* Data for this exercise:
lemma sum_ee_mult:
  assumes "finite A"
  shows "(\<Sum>k\<in>A. ee i k * f k) = (if i \<in> A then f i else 0)"
proof -
  have "ee i k * f k = (if i = k then f k else 0)" for k
    by (simp add: ee_apply)
  with assms show ?thesis
    by (simp add: sum.delta')
qed

lemma ee_shift_apply: "ee (m + i) (m + k) = ee i k"
  by (simp add: ee_apply)

lemma sum_ee_apply:
  assumes "finite P"
  shows "(\<Sum>p\<in>P. ee (h p) k) = of_nat (card {p\<in>P. h p = k})"
  using assms by (simp add: ee_apply sum.If_cases Int_def conj_commute)

lemma setcompr_pair_eq_image: "{f i j | i j. P i j} = (\<lambda>(i, j). f i j) ` {(i, j). P i j}"
  by auto

lemma ee_diff_eq_ee_diff_iff:
  assumes "i \<noteq> j" "i' \<noteq> j'"
  shows "ee i - ee j = ee i' - ee j' \<longleftrightarrow> i = i' \<and> j = j'"
proof
  assume "ee i - ee j = ee i' - ee j'"
  then have "(ee i - ee j) i = (ee i' - ee j') i" "(ee i - ee j) j = (ee i' - ee j') j"
    by simp_all
  with assms show "i = i' \<and> j = j'"
    by (auto simp: ee_apply split: if_splits)
qed simp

* Exercise prompt: If a line in the records above holds the string "assumes", copy it.

* Your response:
  assumes "finite A"
  assumes "finite P"
  assumes "i \<noteq> j" "i' \<noteq> j'"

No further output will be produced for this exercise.